▸ Data

┌──

(* For all processes $s,t$ of a PTS over $A_\tau=A\cup\{\tau\}$, the weak trace metric satisfies $\mathbf{d}^{\mathrm{w}}(s,t)=0$ if and only if $s$ and $t$ are weak probabilistic trace equivalent.
   Context: A PTS is $(\mathcal{S},A_\tau,\to)$ with $\mathcal{S}$ a countable set of processes, $A_\tau=A\cup\{\tau\}$ ($\tau\notin A$ the silent action), $\to\subseteq\mathcal{S}\times A_\tau\times\Delta(\mathcal{S})$ with $\Delta(\mathcal{S})$ the finitely supported distributions. Standing assumptions: processes are image-finite and finite. Computations $c=s_0\xrightarrow{a_1}s_1\cdots\xrightarrow{a_n}s_n$ use transitions $s_{i-1}\xrightarrow{a_i}\pi_i$ with $s_i\in\mathrm{supp}(\pi_i)$, $\Pr(c)=\prod_i\pi_i(s_i)$; $\mathrm{tr}(c)=a_1\cdots a_n\in A_\tau^\star$; maximal = not a proper prefix of another computation from the same process; $\mathcal{C}_{\max}(z,\alpha)$ = maximal computations from $z$ with trace $\alpha$. A resolution of $s$ is a PTS $\mathcal{Z}=(Z,A_\tau,\to_{\mathcal{Z}})$ with $\mathrm{corr}\colon Z\to\mathcal{S}$ and initial state $z_s$, $\mathrm{corr}(z_s)=s$, such that $z_s$ is in no target support, every other state is in the support of a target of a transition from a different state, every $z\xrightarrow{a}_{\mathcal{Z}}\pi$ is matched by $\mathrm{corr}(z)\xrightarrow{a}\pi'$ with $\pi(z')=\pi'(\mathrm{corr}(z'))$ for all $z'$, and each state has at most one outgoing transition; $\mathrm{res}(s)$ is the set of resolutions of $s$. Two traces $\alpha,\beta\in A_\tau^\star$ are equivalent, $\alpha\equiv\beta$, iff they coincide after deleting all occurrences of $\tau$. For $\alpha\in A^\star$, $\mathcal{C}^{\mathrm{w}}(s,\alpha)$ is the set of computations $c$ from $s$ with $\mathrm{tr}(c)\equiv\alpha$ that are not proper prefixes of another computation $c'$ from $s$ with $\mathrm{tr}(c')\equiv\alpha$. Processes $s,t$ are weak probabilistic trace equivalent iff for every $\mathcal{Z}_s\in\mathrm{res}(s)$ (initial state $z_s$) there is $\mathcal{Z}_t\in\mathrm{res}(t)$ (initial state $z_t$) with $\Pr(\mathcal{C}^{\mathrm{w}}(z_s,\alpha))=\Pr(\mathcal{C}^{\mathrm{w}}(z_t,\alpha))$ for all $\alpha\in A^\star$, and symmetrically with $s,t$ swapped. The trace distribution of a resolution is $TD_{\mathcal{Z}}(\alpha)=\Pr(\mathcal{C}_{\max}(z,\alpha))$, $\alpha\in A_\tau^\star$. Kantorovich lifting of a 1-bounded (pseudo)metric $d$ on $X$: $\mathcal{K}(d)(\pi,\pi')=\min_{\omega}\sum_{x,y}\omega(x,y)d(x,y)$ over couplings $\omega$ of $\pi,\pi'$. Hausdorff lifting: $\mathcal{H}(\hat d)(\Pi_1,\Pi_2)=\max\{\sup_{\pi_1\in\Pi_1}\inf_{\pi_2\in\Pi_2}\hat d(\pi_1,\pi_2),\sup_{\pi_2\in\Pi_2}\inf_{\pi_1\in\Pi_1}\hat d(\pi_2,\pi_1)\}$, with $\inf\emptyset=1,\sup\emptyset=0$. Let $d_{\mathrm{w}}(\alpha,\beta)=0$ if $\alpha\equiv\beta$ and $1$ otherwise; $D_{\mathrm{w}}(\mathcal{Z}_1,\mathcal{Z}_2)=\mathcal{K}(d_{\mathrm{w}})(TD_{\mathcal{Z}_1},TD_{\mathcal{Z}_2})$; the weak trace metric is $\mathbf{d}^{\mathrm{w}}(s,t)=\mathcal{H}(D_{\mathrm{w}})(\mathrm{res}(s),\mathrm{res}(t))$. *)

theory Defs
  imports "HOL-Probability.Probability_Mass_Function" "HOL-Library.Sublist"
begin
lemma carries_exist_iff:
  assumes "p \<ge> 2" "f \<ge> 1" and r: "\<forall>i<f. 1 \<le> r i \<and> r i \<le> p" and "J \<subseteq> {0..<f}"
  shows "(\<exists>c. carries (int p) f (signed_digit r J) c) \<longleftrightarrow>
    ((inP p f r \<and> J_compatible p f r J) \<or>
     (p = 2 \<and> (\<forall>i<f. r i = 2) \<and> (J = {} \<or> J = {0..<f})))"
proof
  assume "\<exists>c. carries (int p) f (signed_digit r J) c"
  then obtain c where c: "carries (int p) f (signed_digit r J) c" ..
  have "\<forall>i<f. \<bar>signed_digit r J i\<bar> \<le> int p" using r unfolding signed_digit_def by auto
  then have "(\<forall>i<f. \<bar>c i\<bar> \<le> 1) \<or> (int p = 2 \<and> (\<exists>i0<f. \<bar>c i0\<bar> = 2) \<and> (\<forall>i<f. \<bar>c i\<bar> \<le> 2))"
    using carries_bounded[OF c \<open>f \<ge> 1\<close>] \<open>p \<ge> 2\<close> by simp
  then consider "\<forall>i<f. \<bar>c i\<bar> \<le> 1"
    | i0 where "p = 2" "i0 < f" "\<bar>c i0\<bar> = 2" "\<forall>i<f. \<bar>c i\<bar> \<le> 2"
    by auto
  then show "(inP p f r \<and> J_compatible p f r J) \<or>
      (p = 2 \<and> (\<forall>i<f. r i = 2) \<and> (J = {} \<or> J = {0..<f}))"
  proof cases
    case 1
    then show ?thesis using unit_carries_imp_compatible[OF assms(1,2) r c] by blast
  next
    case (2 i0)
    have "carries 2 f (signed_digit r J) c" using c \<open>p = 2\<close> by simp
    moreover have "\<forall>i<f. 1 \<le> r i \<and> r i \<le> 2" using r \<open>p = 2\<close> by simp
    ultimately show ?thesis
      using two_carry_imp_exceptional[OF assms(4)] 2 by blast
  qed
next
  assume "(inP p f r \<and> J_compatible p f r J) \<or>
      (p = 2 \<and> (\<forall>i<f. r i = 2) \<and> (J = {} \<or> J = {0..<f}))"
  then show "\<exists>c. carries (int p) f (signed_digit r J) c"
  proof
    assume "inP p f r \<and> J_compatible p f r J"
    then show ?thesis using compatible_imp_carries[OF assms(1,2)] by blast
  next
    assume "p = 2 \<and> (\<forall>i<f. r i = 2) \<and> (J = {} \<or> J = {0..<f})"
    then show ?thesis using exceptional_imp_carries[of f r J] by simp
  qed
qed

theorem mainTheorem10:
  fixes p f :: nat and r :: "nat \<Rightarrow> nat" and J :: "nat set"
  assumes "prime p" and "f \<ge> 1"
    and "\<forall>i<f. 1 \<le> r i \<and> r i \<le> p"
    and "J \<subseteq> {0..<f}"
  shows "[(\<Sum>i<f. int p ^ (f - 1 - i) * int (hval r J i))
          = (\<Sum>i<f. int p ^ (f - 1 - i) * (int (r i) - int (hval r J i)))] (mod (int p ^ f - 1))
     \<longleftrightarrow> ((inP p f r \<and> J_compatible p f r J) \<or>
          (p = 2 \<and> (\<forall>i<f. r i = 2) \<and> (J = {} \<or> J = {0..<f})))"
proof -
  have "p \<ge> 2" using \<open>prime p\<close> prime_ge_2_nat by blast
  have "[(\<Sum>i<f. int p ^ (f - 1 - i) * int (hval r J i))
          = (\<Sum>i<f. int p ^ (f - 1 - i) * (int (r i) - int (hval r J i)))] (mod (int p ^ f - 1))
     \<longleftrightarrow> (int p ^ f - 1) dvd (\<Sum>i<f. int p ^ (f - 1 - i) * signed_digit r J i)"
    by (rule congruence_iff_signed_dvd)
  also have "\<dots> \<longleftrightarrow> (\<exists>c. carries (int p) f (signed_digit r J) c)"
    by (rule dvd_iff_carries[OF \<open>f \<ge> 1\<close>])
  also have "\<dots> \<longleftrightarrow> ((inP p f r \<and> J_compatible p f r J) \<or>
          (p = 2 \<and> (\<forall>i<f. r i = 2) \<and> (J = {} \<or> J = {0..<f})))"
    by (rule carries_exist_iff[OF \<open>p \<ge> 2\<close> assms(2-4)])
  finally show ?thesis .
qed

└──

▸ Assignment
Where the string "assms" occurs in a line of the listing, copy the line.

▸ Solution to this task
    then show ?thesis using unit_carries_imp_compatible[OF assms(1,2) r c] by blast
      using two_carry_imp_exceptional[OF assms(4)] 2 by blast
    then show ?thesis using compatible_imp_carries[OF assms(1,2)] by blast
    by (rule carries_exist_iff[OF \<open>p \<ge> 2\<close> assms(2-4)])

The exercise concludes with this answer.